Потрясение понемногу проходило. Некоторое время он пытался убедить себя, что Фадж это всего лишь мираж, вызванный недосыпанием во время изматывающей предвыборной кампании. В тщетной попытке избавиться от всего, что напоминало бы ему о неприятном событии, он подарил крысу своей любимой племяннице, а личному секретарю поручил снять портрет уродливого коротышки, который возвестил о визите Фаджа. Однако, к ужасу премьер-министра, убрать портрет оказалось невозможно. После того, как несколько плотников, один или два строителя, историк живописи и канцлер казначейства безуспешно пытались отодрать его от стены, премьер-министр оставил попытки в надежде, что на период его пребывания в этом кабинете эта штука не сдвинется с места и не издаст ни звука. Он мог поклясться, что время от времени видел краем глаза, как обитатель картины зевал или ковырялся в носу, а раз или два просто уходил с картины, оставляя после себя лишь грязно-коричневый холст. Тем не менее, он заставлял себя не смотреть на картину слишком часто, и каждый раз, когда случалось что-то подобное, уверял себя, что это всего лишь игра его воображения.

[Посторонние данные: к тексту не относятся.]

lemma degw_le_vol: "v \<in> S \<Longrightarrow> S \<subseteq> V \<Longrightarrow> degw V w v \<le> vol V w S"
  unfolding vol_def using wgraph_finite
  by (intro member_le_sum degw_nonneg) (auto intro: finite_subset)

lemma vol_add_compl: "S \<subseteq> V \<Longrightarrow> vol V w S + vol V w (V - S) = vol V w V"
  unfolding vol_def using wgraph_finite by (metis sum.subset_diff add.commute)

lemma cut_nonneg: "0 \<le> cut V w S"
  unfolding cut_def by (intro sum_nonneg weight_nonneg)

lemma supp_ne_vertices_if_vol_supp_le_half:
  assumes "\<forall>v\<in>V. 1 \<le> degw V w v" "V \<noteq> {}" "vol V w (supp V f) \<le> vol V w V / 2"
  shows "supp V f \<noteq> V"
proof
  assume "supp V f = V"
  obtain v where "v \<in> V" using assms(2) by auto
  then have "1 \<le> vol V w V" using assms(1) degw_le_vol[of v V] by fastforce
  with assms(3) \<open>supp V f = V\<close> show False by simp
qed

text \<open>Every edge crossing level \<open>t\<close> appears twice among the ordered pairs, hence the weight \<open>w u v / 2\<close>.\<close>
lemma cut_level_set_eq_crossing_sum:
  "cut V w (level_set V f t) =
     (\<Sum>(u, v)\<in>V \<times> V. if min (f u) (f v) < t \<and> t \<le> max (f u) (f v) then w u v / 2 else 0)"
proof -
  define S where "S = level_set V f t"
  have SV: "S \<subseteq> V" by (auto simp: S_def level_set_def)
  define g where "g u v = (if u \<in> S \<and> v \<notin> S then w u v else 0)" for u v
  have "(\<Sum>(u, v)\<in>V \<times> V. if min (f u) (f v) < t \<and> t \<le> max (f u) (f v) then w u v / 2 else 0)
      = (\<Sum>u\<in>V. \<Sum>v\<in>V. g u v / 2 + g v u / 2)"
    unfolding sum.cartesian_product[symmetric]
    by (intro sum.cong refl) (auto simp: g_def S_def level_set_def min_def max_def weight_sym)
  also have "\<dots> = (\<Sum>u\<in>V. \<Sum>v\<in>V. g u v) / 2 + (\<Sum>u\<in>V. \<Sum>v\<in>V. g v u) / 2"
    by (simp add: sum.distrib sum_divide_distrib)
  also have "(\<Sum>u\<in>V. \<Sum>v\<in>V. g v u) = (\<Sum>u\<in>V. \<Sum>v\<in>V. g u v)"
    by (rule sum.swap)
  also have "(\<Sum>u\<in>V. \<Sum>v\<in>V. g u v) = (\<Sum>u\<in>V. if u \<in> S then \<Sum>v\<in>V \<inter> -S. w u v else 0)"
    by (intro sum.cong refl) (simp add: g_def sum.inter_restrict[OF wgraph_finite])
  also have "\<dots> = (\<Sum>u\<in>S. \<Sum>v\<in>V - S. w u v)"
    using SV by (simp add: sum.inter_restrict[OF wgraph_finite, symmetric] Int_absorb1 Diff_eq)
  finally show ?thesis by (simp add: cut_def S_def)
qed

Затем, три года спустя, такой же, как сейчас ночью, премьер-министр сидел один в своем кабинете, когда портрет вновь объявил ему о скором визите Фаджа, который выскочил из камина промокший до нитки, в состоянии полной паники. Не успел премьер-министр спросить его, зачем он замочил его ковер, как Фадж разразился целой речью о какой-то тюрьме, о которой премьер-министр никогда не слышал, о человеке, которого звали Сирьос Блэк, о каком-то «Хогвартсе» и мальчике по имени Гарри Поттер, словом, о том, что не говорило премьер-министру ровным счетом ничего.
– Я только что из Азкабана, – запыхавшись, заявил Фадж, переливая воду со своего котелка себе в карман. – это посреди Северного моря, знаете ли, отвратительно долетел… дементоры волнуются, – он пожал плечами, – от них еще никто никогда не убегал. В общем, я пришел сказать вам, что Блэк – известный убийца магглов, и возможно он собирается присоединиться к Сами-Знаете-Кому. Но, разумеется, вы даже и не знаете, кто такой Сами-Знаете-Кто! – Мгновение он с надеждой смотрел на премьер-министра, а затем сказал: – Ну, садитесь, садитесь, я вас введу в курс дела. Виски будете?